The Massachusetts Institute of Technology (MIT) is making underwater operations easier for human-machine teams, unveiling a set of algorithms to improve coordination and perception in challenging environments.
Building on foundational work from the MIT Marine Robotics Group, a team led by principal investigator Madeline Miller developed a navigation algorithm that tracks a diver’s position relative to an autonomous underwater vehicle (AUV).
“With the algorithm demonstrated by MIT, the vehicle only needed to calculate the distance, or range, to the diver at regular intervals to solve the optimization problem of estimating the positions of both the vehicle and diver over time,” Miller said.
By maintaining accurate position tracking between the diver and AUV, the algorithm helps enable coordinated movement and real-time adjustments in low-visibility environments.
AI Classifier
For underwater perception, the team also developed an algorithm that processes optical and sonar data collected during missions and classifies what it sees.
It is also designed to seek human input for objects that cannot be confidently classified.

“The idea is for the classifier to pass along some information — say, a bounding box around an image — to the diver and indicate, ‘I think this is a tire, but I’m not sure. What do you think?’ Then, the diver can respond, ‘Yes, you’ve got it right, or no, look over here in the image to improve your classification’,” Miller explained.
This supports human-machine teaming by combining the AUV’s real-time sensing with diver judgment, improving classification accuracy in uncertain cases during missions.
The Problem It Solves
Underwater human-robot teams are currently limited by communication constraints and the difficulty of processing information in real time below the surface.
While AUVs can process data quickly, they lack the dexterity required for complex physical tasks such as infrastructure repair.

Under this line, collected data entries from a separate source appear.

(* For every 5-complex number $u$, $$e^u=e_+e^{v_+}+e^{v_1}\left(e_1\cos\tilde v_1+\tilde e_1\sin\tilde v_1\right)+e^{v_2}\left(e_2\cos\tilde v_2+\tilde e_2\sin\tilde v_2\right),$$ where $e^u=\sum_{n\ge0}u^n/n!$.
   Context: A 5-complex number is $u=x_0+h_1x_1+h_2x_2+h_3x_3+h_4x_4$ with real $x_j$, with componentwise addition and the commutative associative bilinear multiplication determined by $h_jh_k=h_{(j+k)\bmod 5}$, $h_0=1$. Canonical variables: $v_+=\sum_jx_j$ and, for $k=1,2$, $v_k=\sum_jx_j\cos(2\pi kj/5)$, $\tilde v_k=\sum_jx_j\sin(2\pi kj/5)$. Canonical basis (with $h_0=1$): $e_+=\frac15\sum_{j=0}^4h_j$, and for $k=1,2$: $e_k=\frac25\sum_{j=0}^4\cos(2\pi kj/5)h_j$, $\tilde e_k=\frac25\sum_{j=0}^4\sin(2\pi kj/5)h_j$. *)

theory Defs
  imports "HOL-Analysis.Analysis" "HOL-Library.Numeral_Type"
begin

text \<open>A 5-complex number u = x0 + h1 x1 + ... + h4 x4 is represented by its
  coefficient vector in real^5, indexed by the ring Z/5Z (numeral type 5).\<close>

type_synonym tc5 = "real ^ 5"

definition comp5 :: "tc5 \<Rightarrow> nat \<Rightarrow> real" where
  "comp5 u j = u $ (of_nat j :: 5)"

definition hb :: "nat \<Rightarrow> tc5" where
  "hb j = (\<chi> k. if k = (of_nat j :: 5) then 1 else 0)"

text \<open>Multiplication determined bilinearly by h_j h_k = h_((j+k) mod 5).\<close>
definition mul5 :: "tc5 \<Rightarrow> tc5 \<Rightarrow> tc5" where
  "mul5 u v = (\<chi> k. \<Sum>i\<in>UNIV. u $ i * v $ (k - i))"

primrec pow5 :: "tc5 \<Rightarrow> nat \<Rightarrow> tc5" where
  "pow5 u 0 = hb 0"
| "pow5 u (Suc n) = mul5 u (pow5 u n)"

definition vplus :: "tc5 \<Rightarrow> real" where
  "vplus u = (\<Sum>j<5. comp5 u j)"

definition vk :: "nat \<Rightarrow> tc5 \<Rightarrow> real" where
  "vk k u = (\<Sum>j<5. comp5 u j * cos (2 * pi * real k * real j / 5))"

definition vtk :: "nat \<Rightarrow> tc5 \<Rightarrow> real" where
  "vtk k u = (\<Sum>j<5. comp5 u j * sin (2 * pi * real k * real j / 5))"

definition eplus :: tc5 where
  "eplus = (1/5) *\<^sub>R (\<Sum>j<5. hb j)"

definition ek :: "nat \<Rightarrow> tc5" where
  "ek k = (2/5) *\<^sub>R (\<Sum>j<5. cos (2 * pi * real k * real j / 5) *\<^sub>R hb j)"

definition etk :: "nat \<Rightarrow> tc5" where
  "etk k = (2/5) *\<^sub>R (\<Sum>j<5. sin (2 * pi * real k * real j / 5) *\<^sub>R hb j)"

end

theory Submission
  imports Defs
begin

text \<open>Let \<omega> = exp(2\<pi>i/5). For each k the map w \<mapsto> \<Sum>j. x_j \<omega>^(kj) is a real-linear ring
  homomorphism from the 5-complex numbers to \<complex>, because h_j \<mapsto> \<omega>^(kj) respects
  h_j h_l = h_((j+l) mod 5); its real and imaginary parts are v_k and \<tilde>v_k. It therefore maps
  the exponential series of u to the complex exponential series of v_k + i \<tilde>v_k, so the
  canonical variables of the partial sums converge to e^v_+, e^v_k cos \<tilde>v_k and
  e^v_k sin \<tilde>v_k. Every 5-complex number is the combination of the canonical basis with
  its canonical variables as coefficients (discrete Fourier inversion), which gives the formula.\<close>

lemma exhaust_5:
  fixes x :: 5
  shows "x = 0 \<or> x = 1 \<or> x = 2 \<or> x = 3 \<or> x = 4"
proof (induct x)
  case (of_int z)
  then have "z = 0 \<or> z = 1 \<or> z = 2 \<or> z = 3 \<or> z = 4" by fastforce
  then show ?case by auto
qed

lemma forall_5: "(\<forall>i::5. P i) \<longleftrightarrow> P 0 \<and> P 1 \<and> P 2 \<and> P 3 \<and> P 4"
  by (metis exhaust_5)

lemma UNIV_5: "UNIV = {0, 1, 2, 3, 4::5}"
  using exhaust_5 by auto

lemma sum_5: "sum f (UNIV::5 set) = f 0 + f 1 + f 2 + f 3 + f 4"
  unfolding UNIV_5 by (simp add: ac_simps)

lemma sum_lessThan_5: "(\<Sum>j<5::nat. f j) = f 0 + f 1 + f 2 + f 3 + f 4"
  by (simp add: eval_nat_numeral)

lemma hb_nth: "hb j $ m = (if m = of_nat j then 1 else 0)"
  unfolding hb_def by simp

lemma numerals_mod_5:
  "(5::5) = 0" "(6::5) = 1" "(7::5) = 2" "(8::5) = 3" "(9::5) = 4"
  "(-1::5) = 4" "(-2::5) = 3" "(-3::5) = 2" "(-4::5) = 1"
  by (simp_all add: minus_equation_iff)

lemma mul5_nth:
  fixes u v :: tc5
  shows "mul5 u v $ 0 = u$0 * v$0 + u$1 * v$4 + u$2 * v$3 + u$3 * v$2 + u$4 * v$1"
    and "mul5 u v $ 1 = u$0 * v$1 + u$1 * v$0 + u$2 * v$4 + u$3 * v$3 + u$4 * v$2"
    and "mul5 u v $ 2 = u$0 * v$2 + u$1 * v$1 + u$2 * v$0 + u$3 * v$4 + u$4 * v$3"
    and "mul5 u v $ 3 = u$0 * v$3 + u$1 * v$2 + u$2 * v$1 + u$3 * v$0 + u$4 * v$4"
    and "mul5 u v $ 4 = u$0 * v$4 + u$1 * v$3 + u$2 * v$2 + u$3 * v$1 + u$4 * v$0"
  unfolding mul5_def by (simp_all only: vec_lambda_beta sum_5) (simp_all add: numerals_mod_5)

definition char5 :: "nat \<Rightarrow> tc5 \<Rightarrow> complex" where
  "char5 k w = (\<Sum>j<5. of_real (comp5 w j) * cis (2 * pi * real k / 5) ^ j)"

lemma char5_eq_Complex: "char5 k w = Complex (vk k w) (vtk k w)"
proof -
  have "cis (2 * pi * real k / 5) ^ j = cis (2 * pi * real k * real j / 5)" for j
    unfolding Complex.DeMoivre by (simp add: mult_ac)
  then show ?thesis
    by (simp add: complex_eq_iff char5_def vk_def vtk_def Re_sum Im_sum)
qed

lemma char5_explicit:
  "char5 k w = of_real (w$0) + of_real (w$1) * cis (2 * pi * real k / 5)
     + of_real (w$2) * cis (2 * pi * real k / 5) ^ 2 + of_real (w$3) * cis (2 * pi * real k / 5) ^ 3
     + of_real (w$4) * cis (2 * pi * real k / 5) ^ 4"
  unfolding char5_def sum_lessThan_5 comp5_def by simp

lemma char5_scaleR: "char5 k (c *\<^sub>R w) = of_real c * char5 k w"
  unfolding char5_def comp5_def by (simp add: sum_distrib_left mult.assoc)

lemma char5_one: "char5 k (hb 0) = 1"
  unfolding char5_def comp5_def hb_def by (simp add: eval_nat_numeral)

lemma mult_mod_x5_minus_1:
  fixes z :: complex
  assumes "z ^ 5 = 1"
  shows "(a0 + a1*z + a2*z^2 + a3*z^3 + a4*z^4) * (b0 + b1*z + b2*z^2 + b3*z^3 + b4*z^4) =
    (a0*b0 + a1*b4 + a2*b3 + a3*b2 + a4*b1) + (a0*b1 + a1*b0 + a2*b4 + a3*b3 + a4*b2)*z
    + (a0*b2 + a1*b1 + a2*b0 + a3*b4 + a4*b3)*z^2 + (a0*b3 + a1*b2 + a2*b1 + a3*b0 + a4*b4)*z^3
    + (a0*b4 + a1*b3 + a2*b2 + a3*b1 + a4*b0)*z^4"
  using assms by algebra

lemma char5_mul5: "char5 k (mul5 u v) = char5 k u * char5 k v"
proof -
  define z where "z = cis (2 * pi * real k / 5)"
  have "real 5 * (2 * pi * real k / 5) = 2 * pi * real k"
    by simp
  then have z5: "z ^ 5 = 1"
    unfolding z_def Complex.DeMoivre by (simp only:) simp
  show ?thesis
    unfolding char5_explicit z_def[symmetric] mult_mod_x5_minus_1[OF z5] mul5_nth
      of_real_add of_real_mult ..
qed

lemma char5_pow5: "char5 k (pow5 u n) = char5 k u ^ n"
  by (induction n) (simp_all add: char5_one char5_mul5)

lemma exp_series_canonical_variables:
  "(\<lambda>n. vk k ((1 / fact n) *\<^sub>R pow5 u n)) sums (exp (vk k u) * cos (vtk k u))"
  "(\<lambda>n. vtk k ((1 / fact n) *\<^sub>R pow5 u n)) sums (exp (vk k u) * sin (vtk k u))"
proof -
  have series_term: "char5 k ((1 / fact n) *\<^sub>R pow5 u n) = char5 k u ^ n /\<^sub>R fact n" for n
    unfolding char5_scaleR char5_pow5 by (simp add: scaleR_conv_of_real field_simps)
  have "(\<lambda>n. char5 k ((1 / fact n) *\<^sub>R pow5 u n)) sums exp (char5 k u)"
    unfolding series_term by (rule exp_converges)
  from sums_Re[OF this] sums_Im[OF this] show
    "(\<lambda>n. vk k ((1 / fact n) *\<^sub>R pow5 u n)) sums (exp (vk k u) * cos (vtk k u))"
    "(\<lambda>n. vtk k ((1 / fact n) *\<^sub>R pow5 u n)) sums (exp (vk k u) * sin (vtk k u))"
    by (simp_all add: char5_eq_Complex Re_exp Im_exp)
qed

definition c1 :: real where "c1 = cos (2 * pi / 5)"
definition s1 :: real where "s1 = sin (2 * pi / 5)"
definition c2 :: real where "c2 = cos (4 * pi / 5)"
definition s2 :: real where "s2 = sin (4 * pi / 5)"

lemma cos_sin_fifth_turns:
  "cos (6 * pi / 5) = c2" "sin (6 * pi / 5) = - s2"
  "cos (8 * pi / 5) = c1" "sin (8 * pi / 5) = - s1"
  "cos (12 * pi / 5) = c1" "sin (12 * pi / 5) = s1"
  "cos (16 * pi / 5) = c2" "sin (16 * pi / 5) = - s2"
proof -
  have turns: "6 * pi / 5 = 2 * pi - 4 * pi / 5" "8 * pi / 5 = 2 * pi - 2 * pi / 5"
    "12 * pi / 5 = 2 * pi / 5 + 2 * pi" "16 * pi / 5 = (2 * pi - 4 * pi / 5) + 2 * pi"
    by simp_all
  show "cos (6 * pi / 5) = c2" "sin (6 * pi / 5) = - s2"
    "cos (8 * pi / 5) = c1" "sin (8 * pi / 5) = - s1"
    "cos (12 * pi / 5) = c1" "sin (12 * pi / 5) = s1"
    "cos (16 * pi / 5) = c2" "sin (16 * pi / 5) = - s2"
    unfolding turns c1_def c2_def s1_def s2_def
    by (simp_all only: cos_periodic sin_periodic cos_2pi_minus sin_2pi_minus)
qed

lemma c2_double: "c2 = 2 * c1\<^sup>2 - 1"
  and s2_double: "s2 = 2 * s1 * c1"
  and c1_s1_pythagoras: "c1\<^sup>2 + s1\<^sup>2 = 1"
proof -
  have double: "4 * pi / 5 = 2 * (2 * pi / 5)"
    by simp
  show "c2 = 2 * c1\<^sup>2 - 1"
    unfolding c2_def c1_def double by (rule cos_double_cos)
  show "s2 = 2 * s1 * c1"
    unfolding s2_def s1_def c1_def double by (rule sin_double)
  show "c1\<^sup>2 + s1\<^sup>2 = 1"
    unfolding s1_def c1_def by simp
qed

lemma sum_cos_fifth_roots: "1 + 2 * c1 + 2 * c2 = 0"
proof -
  define z where "z = cis (2 * pi / 5)"
  have "s1 > 0"
    unfolding s1_def by (rule sin_gt_zero) auto
  then have "z \<noteq> 1"
    unfolding z_def s1_def by (auto simp: complex_eq_iff)
  moreover have "z ^ 5 = 1"
    unfolding z_def Complex.DeMoivre by simp
  then have "(z - 1) * (1 + z + z^2 + z^3 + z^4) = 0"
    by algebra
  ultimately have "Re (1 + z + z^2 + z^3 + z^4) = 0"
    by simp
  moreover have "Re (1 + z + z^2 + z^3 + z^4) =
      1 + cos (2 * pi / 5) + cos (4 * pi / 5) + cos (6 * pi / 5) + cos (8 * pi / 5)"
    unfolding z_def Complex.DeMoivre by simp
  ultimately show ?thesis
    unfolding cos_sin_fifth_turns c1_def c2_def by simp
qed

lemma c1_quadratic: "4 * c1\<^sup>2 + 2 * c1 - 1 = 0"
  using sum_cos_fifth_roots c2_double by simp

lemma vplus_explicit: "vplus w = w$0 + w$1 + w$2 + w$3 + w$4"
  unfolding vplus_def comp5_def sum_lessThan_5 by simp

lemma vk_explicit:
  "vk 1 w = w$0 + w$1 * c1 + w$2 * c2 + w$3 * c2 + w$4 * c1"
  "vk 2 w = w$0 + w$1 * c2 + w$2 * c1 + w$3 * c1 + w$4 * c2"
  unfolding vk_def comp5_def sum_lessThan_5
  by (simp_all add: cos_sin_fifth_turns c1_def c2_def)

lemma vtk_explicit:
  "vtk 1 w = w$1 * s1 + w$2 * s2 - w$3 * s2 - w$4 * s1"
  "vtk 2 w = w$1 * s2 - w$2 * s1 + w$3 * s1 - w$4 * s2"
  unfolding vtk_def comp5_def sum_lessThan_5
  by (simp_all add: cos_sin_fifth_turns s1_def s2_def)

lemma eplus_explicit: "eplus = (1/5) *\<^sub>R (hb 0 + hb 1 + hb 2 + hb 3 + hb 4)"
  unfolding eplus_def sum_lessThan_5 by simp

lemma ek_explicit:
  "ek 1 = (2/5) *\<^sub>R (hb 0 + c1 *\<^sub>R hb 1 + c2 *\<^sub>R hb 2 + c2 *\<^sub>R hb 3 + c1 *\<^sub>R hb 4)"
  "ek 2 = (2/5) *\<^sub>R (hb 0 + c2 *\<^sub>R hb 1 + c1 *\<^sub>R hb 2 + c1 *\<^sub>R hb 3 + c2 *\<^sub>R hb 4)"
  unfolding ek_def sum_lessThan_5
  by (simp_all add: cos_sin_fifth_turns c1_def c2_def)

lemma etk_explicit:
  "etk 1 = (2/5) *\<^sub>R (s1 *\<^sub>R hb 1 + s2 *\<^sub>R hb 2 - s2 *\<^sub>R hb 3 - s1 *\<^sub>R hb 4)"
  "etk 2 = (2/5) *\<^sub>R (s2 *\<^sub>R hb 1 - s1 *\<^sub>R hb 2 + s1 *\<^sub>R hb 3 - s2 *\<^sub>R hb 4)"
  unfolding etk_def sum_lessThan_5
  by (simp_all add: cos_sin_fifth_turns s1_def s2_def)

lemma canonical_decomposition:
  "w = vplus w *\<^sub>R eplus + vk 1 w *\<^sub>R ek 1 + vtk 1 w *\<^sub>R etk 1
     + vk 2 w *\<^sub>R ek 2 + vtk 2 w *\<^sub>R etk 2"
  unfolding vec_eq_iff forall_5 vplus_explicit vk_explicit vtk_explicit
    eplus_explicit ek_explicit etk_explicit
  using c1_quadratic c1_s1_pythagoras
  by (simp add: hb_nth c2_double s2_double) algebra

lemma vk_0: "vk 0 w = vplus w"
  unfolding vplus_def vk_def by simp

lemma vtk_0: "vtk 0 w = 0"
  unfolding vtk_def by simp

theorem mainTheorem8:
  fixes u :: tc5
  shows "(\<lambda>n. (1 / fact n) *\<^sub>R pow5 u n) sums
     (exp (vplus u) *\<^sub>R eplus
      + exp (vk 1 u) *\<^sub>R (cos (vtk 1 u) *\<^sub>R ek 1 + sin (vtk 1 u) *\<^sub>R etk 1)
      + exp (vk 2 u) *\<^sub>R (cos (vtk 2 u) *\<^sub>R ek 2 + sin (vtk 2 u) *\<^sub>R etk 2))"
proof -
  let ?T = "\<lambda>n. (1 / fact n) *\<^sub>R pow5 u n"
  have "(\<lambda>n. vplus (?T n)) sums exp (vplus u)"
    using exp_series_canonical_variables(1)[of 0 u] by (simp add: vk_0 vtk_0)
  then have "(\<lambda>n. vplus (?T n) *\<^sub>R eplus + vk 1 (?T n) *\<^sub>R ek 1 + vtk 1 (?T n) *\<^sub>R etk 1
      + vk 2 (?T n) *\<^sub>R ek 2 + vtk 2 (?T n) *\<^sub>R etk 2) sums
     (exp (vplus u) *\<^sub>R eplus + (exp (vk 1 u) * cos (vtk 1 u)) *\<^sub>R ek 1
      + (exp (vk 1 u) * sin (vtk 1 u)) *\<^sub>R etk 1
      + (exp (vk 2 u) * cos (vtk 2 u)) *\<^sub>R ek 2 + (exp (vk 2 u) * sin (vtk 2 u)) *\<^sub>R etk 2)"
    by (intro sums_add sums_scaleR_left exp_series_canonical_variables)
  then show ?thesis
    unfolding canonical_decomposition[of "?T _", symmetric]
    by (simp add: scaleR_add_right add.assoc)
qed

end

In low-light deep-sea environments, conventional sensors also tend to produce limited imagery, often restricting data quality and slowing the development of training datasets for underwater AI systems.
Miller’s team aims to bridge these gaps by combining human judgment with robotic perception and autonomy in a coordinated system.
Early testing at the Great Lakes Research Center included a tube-shaped prototype designed to facilitate direct communication between divers and AUVs.
Miller is now seeking industry partnerships to further refine the technologies, with interest from both military and commercial sectors.
“Ultimately, we want to devise solutions for navigation and perception in expeditionary environments,” she said.